Exhibition

Expression(s) décoloniale(s) #3

From 13 May to 12 November 2023
Opening times
and access
Admission

A DIFFERENT PERSPECTIVE ON OUR COLLECTIONS TO DECOLONIZE YOUR THOUGHT AND IMAGINATION

Every historical narrative is a construction and an expression of a viewpoint on oneself and on others. History museums are no exception to this rule. Exhibiting a collection’s objects is akin to presenting the perception that the collectors had of themselves and of others over time. 

In a moment when we are rethinking the history of Humanity as an interconnected one on a global scale, it is essential to point out that many of the objects and documents on display in museums today are intrinsically imbued with a colonial perspective.

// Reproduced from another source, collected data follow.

lemma qcube_eq_one_imp_eq_one:
  fixes D :: "'a::field"
  assumes "\<not> (\<exists>y. y^2 = D)" and "\<exists>e::'a. e^2 = -3"
    and "qnorm D x = 1" and "qcube D x = (1, 0)"
  shows "x = (1, 0)"
proof -
  obtain a b where x: "x = (a, b)" by fastforce
  have "b * (3 * a^2 + D * b^2) = snd (qcube D x)"
    by (simp add: x qcube_def qmul_def algebra_simps power2_eq_square)
  then have "b = 0 \<or> D * b^2 = -3 * a^2" using assms(4) by (auto simp: eq_neg_iff_add_eq_0 add.commute)
  moreover have "D * b^2 \<noteq> -3 * a^2" if "b \<noteq> 0"
  proof
    assume "D * b^2 = -3 * a^2"
    moreover obtain e :: 'a where "e^2 = -3" using assms(2) by blast
    ultimately have "(e * a / b)^2 = D * b^2 / b^2" by (simp add: power_divide power_mult_distrib)
    then have "(e * a / b)^2 = D" using that by simp
    with assms(1) show False by blast
  qed
  moreover have "a = 1" if "b = 0"
  proof -
    have "a^2 = 1" "a^3 = 1"
      using assms(3,4) that by (simp_all add: x qnorm_def qcube_def qmul_def power3_eq_cube power2_eq_square)
    then have "a = a * a^2" by simp
    also have "\<dots> = a^3" by (simp add: power3_eq_cube power2_eq_square)
    finally show "a = 1" using \<open>a^3 = 1\<close> by simp
  qed
  ultimately show ?thesis using x by blast
qed

lemma inj_on_qcube_norm_one:
  fixes D :: "'a::field"
  assumes "\<not> (\<exists>y. y^2 = D)" and "\<exists>e::'a. e^2 = -3"
  shows "inj_on (qcube D) {x. qnorm D x = 1}"
proof (rule inj_onI)
  fix x y assume "x \<in> {x. qnorm D x = 1}" "y \<in> {x. qnorm D x = 1}" and xy: "qcube D x = qcube D y"
  then have norms: "qnorm D x = 1" "qnorm D y = 1" by simp_all
  define z where "z = qmul D x (qcnj y)"
  have "qnorm D z = 1" using norms by (simp add: z_def qnorm_qmul qnorm_qcnj)
  moreover have "qcube D z = (1, 0)"
    using norms by (simp add: z_def qcube_qmul qcube_qcnj xy qmul_qcnj qnorm_qcube)
  ultimately have "z = (1, 0)" using qcube_eq_one_imp_eq_one[OF assms] by blast
  then have "qmul D z y = y" by simp
  moreover have "qmul D z y = x"
    using norms by (simp add: z_def qmul.assoc qmul.commute[of D "qcnj y"] qmul_qcnj)
  ultimately show "x = y" by simp
qed

lemma ex_qcube_root_norm_one:
  fixes D :: "'a::{finite,field}"
  assumes "\<not> (\<exists>y. y^2 = D)" and "\<exists>e::'a. e^2 = -3" and "qnorm D t = 1"
  shows "\<exists>z. qnorm D z = 1 \<and> qcube D z = t"
proof -
  have "qcube D ` {x. qnorm D x = 1} = {x. qnorm D x = 1}"
    by (intro endo_inj_surj inj_on_qcube_norm_one[OF assms(1,2)]) (auto simp: qnorm_qcube)
  then show ?thesis using assms(3) by (metis (mono_tags, lifting) imageE mem_Collect_eq)
qed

In an attempt to understand exactly how these pieces were seen when they were acquired, to distance ourselves from them, to question them and measure their impact on us – both in what we know and how we imagine things – the Musée d’histoire de Nantes, as part of the third edition of Expression(s) décoloniale(s), has once again invited an historian and an artist from the African continent to dialogue with the museum’s collections.

Internationally renowned Cameroonian artist Barthélémy Toguo will invest the museum’s rooms with his work, which shows an unfailing commitment to questioning the major issues of our time, while also establishing a dazzling relationship between past and present. Themes exploring the fundamental imbalances of the world we live in, the structural imbalances of exchange that characterize it, and the inequal opportunities and multiple discriminations resulting from them, make his work eminently contemporary and political. Questions revolving around cultural memory are also present in his work, but do not prevent a celebration of the fundamental power of life, as vigorous as it is unexpected. Prolific and generous, Toguo will present some twenty works throughout the Musée d’Histoire de Nantes’ permanent collection, adding a new imperative to this year’s edition: the need to act.

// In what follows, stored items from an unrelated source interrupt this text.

lemma mixCDF_optimal_minus_target_le_cdf_dist:
  assumes \<nu>: "prob_dist \<nu>" "measure \<nu> {0<..} \<le> \<zeta> / 2"
    and \<zeta>: "0 \<le> \<zeta>" "\<zeta> \<le> 1" and "0 \<le> \<gamma>" "t \<le> \<gamma>"
  shows "mixCDF (two_point 0 (2 * \<gamma>) (\<zeta> / 2)) t - mixCDF (two_point 0 \<gamma> \<zeta>) t
    \<le> cdf_dist \<nu> (two_point 0 \<gamma> \<zeta>)"
proof -
  let ?O = "two_point 0 (2 * \<gamma>) (\<zeta> / 2)" and ?S = "two_point 0 \<gamma> \<zeta>"
  let ?t' = "2 * \<gamma> - t"
  define a where "a = std_normal_density t"
  define b where "b = std_normal_density (t - 2 * \<gamma>)"
  define D where "D s = mixCDF ?O s - mixCDF ?S s" for s
  define S where "S = cdf_dist \<nu> ?S"
  define E where "E \<mu> = (\<integral>m. dual_cert (2 * \<gamma>) t m \<partial>\<mu>)" for \<mu>
  have E_eq: "E \<mu> = a * mixCDF \<mu> t - b * mixCDF \<mu> ?t'" if "prob_dist \<mu>" for \<mu>
    using integral_dual_cert[OF that] by (simp add: E_def a_def b_def)
  have "E ?O \<le> E \<nu>"
    unfolding E_def using integral_dual_cert_optimal_le[OF assms] .
  have D_reflect: "D ?t' = - D t"
    using Phi_second_diff_reflect[of \<gamma> t] \<zeta> by (simp add: D_def mixCDF_optimal_minus_target)
  have a_b: "0 < a" "0 < b"
    by (simp_all add: a_def b_def normal_density_pos)
  have "(a + b) * D t = a * D t - b * D ?t'"
    using D_reflect by (simp add: algebra_simps)
  also have "\<dots> = E ?O - E ?S"
    by (simp add: E_eq prob_dist_two_point D_def algebra_simps)
  also have "\<dots> \<le> E \<nu> - E ?S"
    using \<open>E ?O \<le> E \<nu>\<close> by simp
  also have "\<dots> = a * (mixCDF \<nu> t - mixCDF ?S t) - b * (mixCDF \<nu> ?t' - mixCDF ?S ?t')"
    using \<nu>(1) by (simp add: E_eq prob_dist_two_point algebra_simps)
  also have "\<dots> \<le> a * S + b * S"
  proof -
    have "mixCDF \<nu> t - mixCDF ?S t \<le> S" "mixCDF ?S ?t' - mixCDF \<nu> ?t' \<le> S"
      using abs_mixCDF_diff_le_cdf_dist[OF \<nu>(1) prob_dist_two_point, of t 0 \<gamma> \<zeta>]
        abs_mixCDF_diff_le_cdf_dist[OF \<nu>(1) prob_dist_two_point, of ?t' 0 \<gamma> \<zeta>]
      unfolding S_def by linarith+
    then have "a * (mixCDF \<nu> t - mixCDF ?S t) \<le> a * S"
      "b * (mixCDF ?S ?t' - mixCDF \<nu> ?t') \<le> b * S"
      using a_b by (simp_all add: mult_left_mono)
    then show ?thesis
      by (simp add: algebra_simps)
  qed
  finally show ?thesis
    using a_b by (simp add: D_def S_def distrib_right[symmetric])
qed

Barthélémy Toguo was born in Cameroon in 1967. He studied at various art schools in Ivory Coast, France, and Germany, and now lives between Paris and Bandjoun, where he founded an innovative space that combines an art school, a cultural centre, and a farm in 1999 called “Bandjoun Station”.

Internationally renowned today, his work is shown the world over in a great variety of forms, combining both the most robust and the most fragile materials. Each of his productions bears witness to his early and constant commitment to defending the great humanitarian and ecological causes of our time while giving a voice to the voiceless.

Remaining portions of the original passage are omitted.